◆ Exercise requirements ◆
Every line with "using" in it should be copied from the data.

━━━━━ Source records ━━━━━

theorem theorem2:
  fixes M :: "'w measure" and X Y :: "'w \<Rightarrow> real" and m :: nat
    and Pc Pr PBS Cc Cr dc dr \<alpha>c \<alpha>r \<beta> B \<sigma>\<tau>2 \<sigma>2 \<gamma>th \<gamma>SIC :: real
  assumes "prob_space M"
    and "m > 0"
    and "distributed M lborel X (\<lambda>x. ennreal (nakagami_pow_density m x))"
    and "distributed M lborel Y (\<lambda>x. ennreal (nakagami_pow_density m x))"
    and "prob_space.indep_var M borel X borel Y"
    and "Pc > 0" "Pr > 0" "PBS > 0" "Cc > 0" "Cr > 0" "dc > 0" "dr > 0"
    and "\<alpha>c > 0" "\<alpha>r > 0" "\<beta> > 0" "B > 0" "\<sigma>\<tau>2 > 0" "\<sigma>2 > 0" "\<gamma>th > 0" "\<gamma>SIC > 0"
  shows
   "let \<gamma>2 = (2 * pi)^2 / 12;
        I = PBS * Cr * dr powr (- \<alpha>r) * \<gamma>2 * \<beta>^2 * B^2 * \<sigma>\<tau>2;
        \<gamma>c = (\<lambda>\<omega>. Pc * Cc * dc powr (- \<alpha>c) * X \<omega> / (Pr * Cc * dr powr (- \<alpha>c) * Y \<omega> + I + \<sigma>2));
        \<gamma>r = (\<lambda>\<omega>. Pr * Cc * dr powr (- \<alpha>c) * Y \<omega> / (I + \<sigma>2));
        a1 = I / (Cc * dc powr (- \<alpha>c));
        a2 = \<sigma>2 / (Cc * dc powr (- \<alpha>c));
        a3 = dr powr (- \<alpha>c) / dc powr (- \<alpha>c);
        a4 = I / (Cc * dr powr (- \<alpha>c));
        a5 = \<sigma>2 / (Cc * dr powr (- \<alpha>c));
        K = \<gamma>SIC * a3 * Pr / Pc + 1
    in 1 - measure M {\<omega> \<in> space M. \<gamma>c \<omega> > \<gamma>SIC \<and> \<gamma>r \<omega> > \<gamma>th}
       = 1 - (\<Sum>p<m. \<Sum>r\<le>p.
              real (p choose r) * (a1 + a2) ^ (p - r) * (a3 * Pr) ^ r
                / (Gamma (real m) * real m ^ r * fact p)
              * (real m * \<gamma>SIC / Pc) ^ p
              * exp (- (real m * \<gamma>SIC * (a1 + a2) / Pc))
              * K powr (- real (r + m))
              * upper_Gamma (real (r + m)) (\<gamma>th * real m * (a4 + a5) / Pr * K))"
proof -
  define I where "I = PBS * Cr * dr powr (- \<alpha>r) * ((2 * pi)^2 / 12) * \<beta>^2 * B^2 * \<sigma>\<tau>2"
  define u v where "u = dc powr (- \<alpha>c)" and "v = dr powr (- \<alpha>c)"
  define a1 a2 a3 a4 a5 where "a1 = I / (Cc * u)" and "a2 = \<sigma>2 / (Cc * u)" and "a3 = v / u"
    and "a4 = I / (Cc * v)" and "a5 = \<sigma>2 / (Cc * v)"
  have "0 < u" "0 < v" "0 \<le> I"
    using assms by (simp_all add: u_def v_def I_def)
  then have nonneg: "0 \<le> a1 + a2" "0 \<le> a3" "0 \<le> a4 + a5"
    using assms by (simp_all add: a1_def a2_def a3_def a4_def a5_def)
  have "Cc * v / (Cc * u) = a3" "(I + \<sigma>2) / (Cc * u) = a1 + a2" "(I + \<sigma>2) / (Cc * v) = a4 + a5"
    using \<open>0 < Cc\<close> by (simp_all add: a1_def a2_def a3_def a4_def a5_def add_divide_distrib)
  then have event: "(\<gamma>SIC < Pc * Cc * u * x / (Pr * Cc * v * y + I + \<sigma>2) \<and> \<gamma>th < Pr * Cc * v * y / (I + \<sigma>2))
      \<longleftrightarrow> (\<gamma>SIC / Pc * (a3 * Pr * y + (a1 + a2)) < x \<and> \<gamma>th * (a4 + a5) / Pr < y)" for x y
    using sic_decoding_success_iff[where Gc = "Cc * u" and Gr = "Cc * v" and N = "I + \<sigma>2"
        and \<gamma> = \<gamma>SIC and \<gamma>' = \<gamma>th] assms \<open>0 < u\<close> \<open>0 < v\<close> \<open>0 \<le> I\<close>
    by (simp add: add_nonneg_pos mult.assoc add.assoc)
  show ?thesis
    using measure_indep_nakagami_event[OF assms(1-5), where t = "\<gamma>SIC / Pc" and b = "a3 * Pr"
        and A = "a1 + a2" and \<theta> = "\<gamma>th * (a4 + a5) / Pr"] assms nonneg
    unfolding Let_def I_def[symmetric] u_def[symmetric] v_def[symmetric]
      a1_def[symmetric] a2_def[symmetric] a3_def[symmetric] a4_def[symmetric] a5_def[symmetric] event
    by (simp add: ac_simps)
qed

━━━━━

◆ Reply ◆
    using assms by (simp_all add: u_def v_def I_def)
    using assms by (simp_all add: a1_def a2_def a3_def a4_def a5_def)
    using \<open>0 < Cc\<close> by (simp_all add: a1_def a2_def a3_def a4_def a5_def add_divide_distrib)
    using sic_decoding_success_iff[where Gc = "Cc * u" and Gr = "Cc * v" and N = "I + \<sigma>2"
    using measure_indep_nakagami_event[OF assms(1-5), where t = "\<gamma>SIC / Pc" and b = "a3 * Pr"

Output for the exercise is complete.